The third floor of Peach State University’s main library, wedged between periodicals and a quiet study area, wearing a hoodie that used to pass for incognito before Forbes outed me as “the code gremlin prince of restaurants.” Hood up, earbuds in—classic student camouflage. Or so I hope.
I chalk my presence up to due diligence. That’s what I scrawled on the sticky note plastered over my guilty conscience. Thalassa had mentioned a monster finals gauntlet. My job—self-assigned—is to make sure she hasn’t spontaneously combusted from stress.

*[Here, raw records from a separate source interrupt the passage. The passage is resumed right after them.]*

theorem corollary1:
  fixes p m n :: nat
  assumes "p \<ge> 2" and "m \<le> p - 1"
  shows "(1 \<le> m \<longrightarrow>
            Hdet p (Vgf p) m (int n - 1) * Hdet p (Vgf p) (m - 1) (int n) \<noteq> 0 \<and>
            Vgf p (p * n + m) * (Hdet p (Vgf p) m (int n - 1) * Hdet p (Vgf p) (m - 1) (int n))
              = Hdet p (Vgf p) m (int n) * Hdet p (Vgf p) (m - 1) (int n - 1))
       \<and> (m = 0 \<and> 1 \<le> n \<longrightarrow>
            Hdet p (Vgf p) 0 (int n - 1) * Hdet p (Vgf p) (p - 1) (int n - 1) \<noteq> 0 \<and>
            Vgf p (p * n) * (Hdet p (Vgf p) 0 (int n - 1) * Hdet p (Vgf p) (p - 1) (int n - 1))
              = Hdet p (Vgf p) 0 (int n) * Hdet p (Vgf p) (p - 1) (int n - 2))"
proof -
  let ?V = "Vgf p" and ?S = "staircase_prod p (Vgf p)"
  have H: "Hdet p ?V k (int N - 1) = ?S k N" if "k \<le> p - 1" for k N
    using Hdet_eq_staircase_prod[OF assms(1) that] .
  have H': "Hdet p ?V k (int N) = ?S k (Suc N)" if "k \<le> p - 1" for k N
    using H[OF that, of "Suc N"] by simp
  show ?thesis
  proof (intro conjI impI)
    assume "1 \<le> m"
    then obtain m' where m: "m = Suc m'" by (cases m) auto
    then show "Hdet p ?V m (int n - 1) * Hdet p ?V (m - 1) (int n) \<noteq> 0"
      using assms(2) by (simp add: H H' staircase_prod_Vgf_mult_nonzero)
    show "?V (p * n + m) * (Hdet p ?V m (int n - 1) * Hdet p ?V (m - 1) (int n))
        = Hdet p ?V m (int n) * Hdet p ?V (m - 1) (int n - 1)"
      using assms(2) m staircase_prod_telescope[of ?V n p m'] by (simp add: H H' mult.commute)
  next
    assume "m = 0 \<and> 1 \<le> n"
    then have "1 \<le> n" by simp
    show "Hdet p ?V 0 (int n - 1) * Hdet p ?V (p - 1) (int n - 1) \<noteq> 0"
      by (simp add: H staircase_prod_Vgf_mult_nonzero)
    from \<open>1 \<le> n\<close> have "int n - 2 = int (n - 1) - 1"
      by simp
    then have H2: "Hdet p ?V (p - 1) (int n - 2) = ?S (p - 1) (n - 1)"
      by (simp only: H order.refl)
    show "?V (p * n) * (Hdet p ?V 0 (int n - 1) * Hdet p ?V (p - 1) (int n - 1))
        = Hdet p ?V 0 (int n) * Hdet p ?V (p - 1) (int n - 2)"
      unfolding H[OF le0] H[OF order.refl] H'[OF le0] H2 mult.commute[of p n]
      using assms(1) by (intro staircase_prod_telescope_0 \<open>1 \<le> n\<close>) simp
  qed
qed

end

Purely humanitarian. Absolutely not stalking.
I circle the atrium balcony. Every table bristles with laptops, highlighter armies, and energy-drink cans. Finals week vibes hum like overclocked servers. I loop past the free coffee cart and snag a courtesy cup, because caffeine is my one true love, and then I spot her .

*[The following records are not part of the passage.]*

lemma distr_pair_swap_self:
  assumes "real_prob M"
  shows "distr (M \<Otimes>\<^sub>M M) (borel \<Otimes>\<^sub>M borel) (\<lambda>(x, y). (y, x)) = M \<Otimes>\<^sub>M M"
proof -
  interpret pair_sigma_finite M M
    using real_prob_sigma_finite[OF assms] by (simp add: pair_sigma_finite_def)
  have "distr (M \<Otimes>\<^sub>M M) (borel \<Otimes>\<^sub>M borel) (\<lambda>(x, y). (y, x))
      = distr (M \<Otimes>\<^sub>M M) (M \<Otimes>\<^sub>M M) (\<lambda>(x, y). (y, x))"
    using assms by (intro distr_cong) (simp_all add: real_prob_pair_sets)
  also have "\<dots> = M \<Otimes>\<^sub>M M"
    by (rule distr_pair_swap[symmetric])
  finally show ?thesis .
qed

lemma udK_invariant_if_AE_swap:
  assumes "real_prob M" "AE p in M \<Otimes>\<^sub>M M. udK J K p = (snd p, fst p)"
  shows "udK_invariant J K M M"
proof -
  have "distr (M \<Otimes>\<^sub>M M) (borel \<Otimes>\<^sub>M borel) (udK J K)
      = distr (M \<Otimes>\<^sub>M M) (borel \<Otimes>\<^sub>M borel) (\<lambda>(x, y). (y, x))"
    using assms by (intro distr_cong_AE) (simp_all add: real_prob_pair_measurable case_prod_beta)
  then show ?thesis
    unfolding udK_invariant_def using distr_pair_swap_self[OF assms(1)] by simp
qed

lemma udK_invariant_equal_parameters: "real_prob M \<Longrightarrow> udK_invariant J J M M"
  by (rule udK_invariant_if_AE_swap) (simp_all add: udK_def)

lemma udK_swap_below_half:
  assumes "J \<le> K" "ereal x \<le> J / 2" "ereal u \<le> J / 2"
  shows "udK J K (x, u) = (u, x)"
proof -
  have "ereal (x + u) \<le> J"
    using assms(2,3) by (cases J) auto
  then show ?thesis
    using assms(1) by (simp add: udK_eq_shift udK_shift_def udK_term_eq_0)
qed

lemma udK_fixes_half:
  assumes "J \<noteq> -\<infinity>" "J / 2 \<le> ereal u" "ereal u \<le> K - J / 2"
  shows "udK J K (real_of_ereal J / 2, u) = (real_of_ereal J / 2, u)"
  using assms by (cases J; cases K) (auto simp: udK_def udK_term_def)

Table by the window. Sunshine paints her braid rose gold where it escapes the beanie with tiny rabbits. She’s bent over a diagram, pencil tapping her lower lip. The lip biting is unfair. My pulse spikes like it’s running a stress test.
I should be biting that lip.
I slide behind a bookshelf, half-concealed by Journal of Aquatic Genomics . From here I can monitor her stress indicators (frown depth, snack ration) without tripping the creeper alarm.
To prove I’m not creepy, I have instituted rules. No photos. No full name googling—not today. Engage only if she looks seconds from meltdown.
Some might call it obsessive. I call it aftercare.
I sip coffee, watch her annotate a practice exam, tongue peeking when she counts hydrogen bonds.
The overhead vent kicks on, and her braid flutters.
She tucks a loose strand behind her ear.
My brain, unhelpfully, cues last month’s breakfast, when she tasted like maple syrup and butter and possibilities.
Stop it.
I pivot to my phone, open the StarConnector sandbox, and attempt to distract myself by coding an API call.
I get through exactly eight lines before my gaze drifts back.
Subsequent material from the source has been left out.